Il faut mentionner également que les poissons d'eau douce provenant de l'aqua-culture nécessitent une quantité incroyable d'eau potable, richesse qui doit être préservée. 
Le poisson, non merci. Ainsi que toutes les autres viandes provenant de l'industrie alimentaire. Il y a trop de possibilité d'être infectés par des maladies.
Vaut mieux opter pour le végétarisme !

Susanna Fuller
Halifax, N.S.
Nov 12, 2002
The best choice would be to eat fish that is caught sustainably. Many groundfish, such as cod, haddock and halibut can be caught through hook and line. This not only reduces bycatch of other species, and does limited damage to the sea floor, but also selects for larger fish. Aquaculture fish is problematic for several reasons - high levels of toxins (BC salmon have been found to contain PCBs), habitat destruction (anoxia of the benthos), nutrient enrightment of surrounding waters (leads to blooms of algae), not to mention antibiotics and trace metals that are given to the salmon and eventually get into the environment and into people. Through consumer awareness and an increase in the amount of hook and line caught fish - we can sustain our coastal communities and continue to eat fish. 
Next time you go to the grocery store, ask them if they have hook and line fish. Get all your
friends to ask too. If there is a demand for this, similar to that for organic vegetables, the
market will deliver. 

Janice Harvey
CCNB
Nov 12, 2002
Interesting question. I wonder, however, how much people know about fish farming? For example, it is really easy to know what fish are caught by dragging and what aren't, if you have any idea at all about the fishing industry. And there may be some farmed fish that aren't so bad in terms of environmental impact.
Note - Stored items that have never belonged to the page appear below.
definition prob_dist :: "'a set \<Rightarrow> ('a \<Rightarrow> real) \<Rightarrow> bool" where
  "prob_dist S p \<longleftrightarrow> (\<forall>r\<in>S. 0 \<le> p r) \<and> sum p S = 1"

definition empirical_model ::
  "'x set \<Rightarrow> 'x set set \<Rightarrow> 'o set \<Rightarrow> ('x set \<Rightarrow> ('x \<rightharpoonup> 'o) \<Rightarrow> real) \<Rightarrow> bool" where
  "empirical_model X M Os e \<longleftrightarrow>
     (\<forall>C\<in>M. prob_dist (sections Os C) (e C)) \<and>
     (\<forall>C\<in>M. \<forall>C'\<in>M. \<forall>s\<in>sections Os (C \<inter> C').
        marg Os C (e C) (C \<inter> C') s = marg Os C' (e C') (C \<inter> C') s)"

definition consistent_support ::
  "'x set set \<Rightarrow> ('x set \<Rightarrow> ('x \<rightharpoonup> 'o) \<Rightarrow> real) \<Rightarrow> ('x \<rightharpoonup> 'o) \<Rightarrow> bool" where
  "consistent_support M e s \<longleftrightarrow> (\<forall>C\<in>M. e C (s |` C) > 0)"

definition strongly_contextual ::
  "'x set \<Rightarrow> 'x set set \<Rightarrow> 'o set \<Rightarrow> ('x set \<Rightarrow> ('x \<rightharpoonup> 'o) \<Rightarrow> real) \<Rightarrow> bool" where
  "strongly_contextual X M Os e \<longleftrightarrow>
     \<not> (\<exists>s\<in>sections Os X. consistent_support M e s)"

definition logically_contextual ::
  "'x set \<Rightarrow> 'x set set \<Rightarrow> 'o set \<Rightarrow> ('x set \<Rightarrow> ('x \<rightharpoonup> 'o) \<Rightarrow> real) \<Rightarrow> bool" where
  "logically_contextual X M Os e \<longleftrightarrow>
     (\<exists>C\<in>M. \<exists>t\<in>sections Os C. e C t > 0 \<and>
        \<not> (\<exists>s\<in>sections Os X. s |` C = t \<and> consistent_support M e s))"

definition probabilistically_contextual ::
  "'x set \<Rightarrow> 'x set set \<Rightarrow> 'o set \<Rightarrow> ('x set \<Rightarrow> ('x \<rightharpoonup> 'o) \<Rightarrow> real) \<Rightarrow> bool" where
  "probabilistically_contextual X M Os e \<longleftrightarrow>
     \<not> (\<exists>eX. prob_dist (sections Os X) eX \<and>
            (\<forall>C\<in>M. \<forall>t\<in>sections Os C. marg Os X eX C t = e C t))"

definition contexts :: "'x set set \<Rightarrow> 'x set set" where
  "contexts M = {U. \<exists>C\<in>M. U \<subseteq> C}"

inductive_set gen_alg :: "'y set \<Rightarrow> 'y set set \<Rightarrow> 'y set set" for Y G where
  gen: "A \<in> G \<Longrightarrow> A \<in> gen_alg Y G"
| top: "Y \<in> gen_alg Y G"
| compl: "A \<in> gen_alg Y G \<Longrightarrow> Y - A \<in> gen_alg Y G"
| union: "A \<in> gen_alg Y G \<Longrightarrow> B \<in> gen_alg Y G \<Longrightarrow> A \<union> B \<in> gen_alg Y G"

definition event_rep ::
  "'x set \<Rightarrow> 'o set \<Rightarrow> 'y set \<Rightarrow> (('x \<rightharpoonup> 'o) \<Rightarrow> 'y set) \<Rightarrow> bool" where
  "event_rep X Os Y Eb \<longleftrightarrow>
     (\<forall>U\<in>Pow X. \<forall>s\<in>sections Os U. Eb s \<subseteq> Y) \<and>
     inj_on Eb (\<Union>U\<in>Pow X. sections Os U) \<and>
     (\<forall>U\<in>Pow X. U \<noteq> {} \<longrightarrow> (\<forall>s\<in>sections Os U.
        Eb s = (\<Inter>x\<in>U. Eb (s |` {x})) \<and> Eb s \<noteq> {}))"

definition SigU :: "'o set \<Rightarrow> 'y set \<Rightarrow> (('x \<rightharpoonup> 'o) \<Rightarrow> 'y set) \<Rightarrow> 'x set \<Rightarrow> 'y set set" where
  "SigU Os Y Eb U = gen_alg Y {Eb s | s x. x \<in> U \<and> s \<in> sections Os {x}}"

definition Sig :: "'x set set \<Rightarrow> 'o set \<Rightarrow> 'y set \<Rightarrow> (('x \<rightharpoonup> 'o) \<Rightarrow> 'y set) \<Rightarrow> 'y set set" where
  "Sig M Os Y Eb = (\<Union>U\<in>{U\<in>contexts M. U \<noteq> {}}. SigU Os Y Eb U)"

definition fa_prob :: "'y set \<Rightarrow> 'y set set \<Rightarrow> ('y set \<Rightarrow> real) \<Rightarrow> bool" where
  "fa_prob Y A \<mu> \<longleftrightarrow> \<mu> Y = 1 \<and> (\<forall>a\<in>A. 0 \<le> \<mu> a) \<and>
     (\<forall>a\<in>A. \<forall>b\<in>A. a \<inter> b = {} \<longrightarrow> \<mu> (a \<union> b) = \<mu> a + \<mu> b)"

definition wps_rep ::
  "'x set \<Rightarrow> 'x set set \<Rightarrow> 'o set \<Rightarrow> ('x set \<Rightarrow> ('x \<rightharpoonup> 'o) \<Rightarrow> real)
   \<Rightarrow> 'y set \<Rightarrow> (('x \<rightharpoonup> 'o) \<Rightarrow> 'y set) \<Rightarrow> ('y set \<Rightarrow> real) \<Rightarrow> bool" where
  "wps_rep X M Os e Y Eb \<mu> \<longleftrightarrow>
     event_rep X Os Y Eb \<and>
     (\<forall>U\<in>contexts M. U \<noteq> {} \<longrightarrow> fa_prob Y (SigU Os Y Eb U) \<mu>) \<and>
     (\<forall>C\<in>M. \<forall>U. U \<subseteq> C \<longrightarrow> U \<noteq> {} \<longrightarrow>
        (\<forall>s\<in>sections Os U. \<mu> (Eb s) = marg Os C (e C) U s)) \<and>
     (\<forall>U\<in>contexts M. \<forall>s\<in>sections Os U. \<forall>s'\<in>sections Os U.
        s \<noteq> s' \<longrightarrow> \<mu> (Eb s \<inter> Eb s') = 0)"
You need to be an informed consumer to be able to answer the question.
Not mentioned is also the issue of mercury and other -persistent organic contaminants in certain wild (ie. tuna) as well as farmed fish. So dragging isn't the only issue to be concerned about. These issues are complex.

Gary Griffin,
Nov 12, 2002
Having done a lot of research on Farmed Atlantic Salmon and their effects on their wild counterparts - Farmed fish are a definite NO NO, especially when you know what the growers are feeding them. Dragging is also an environmentally damaging practice so I guess there is only one choice, Give up Fish !!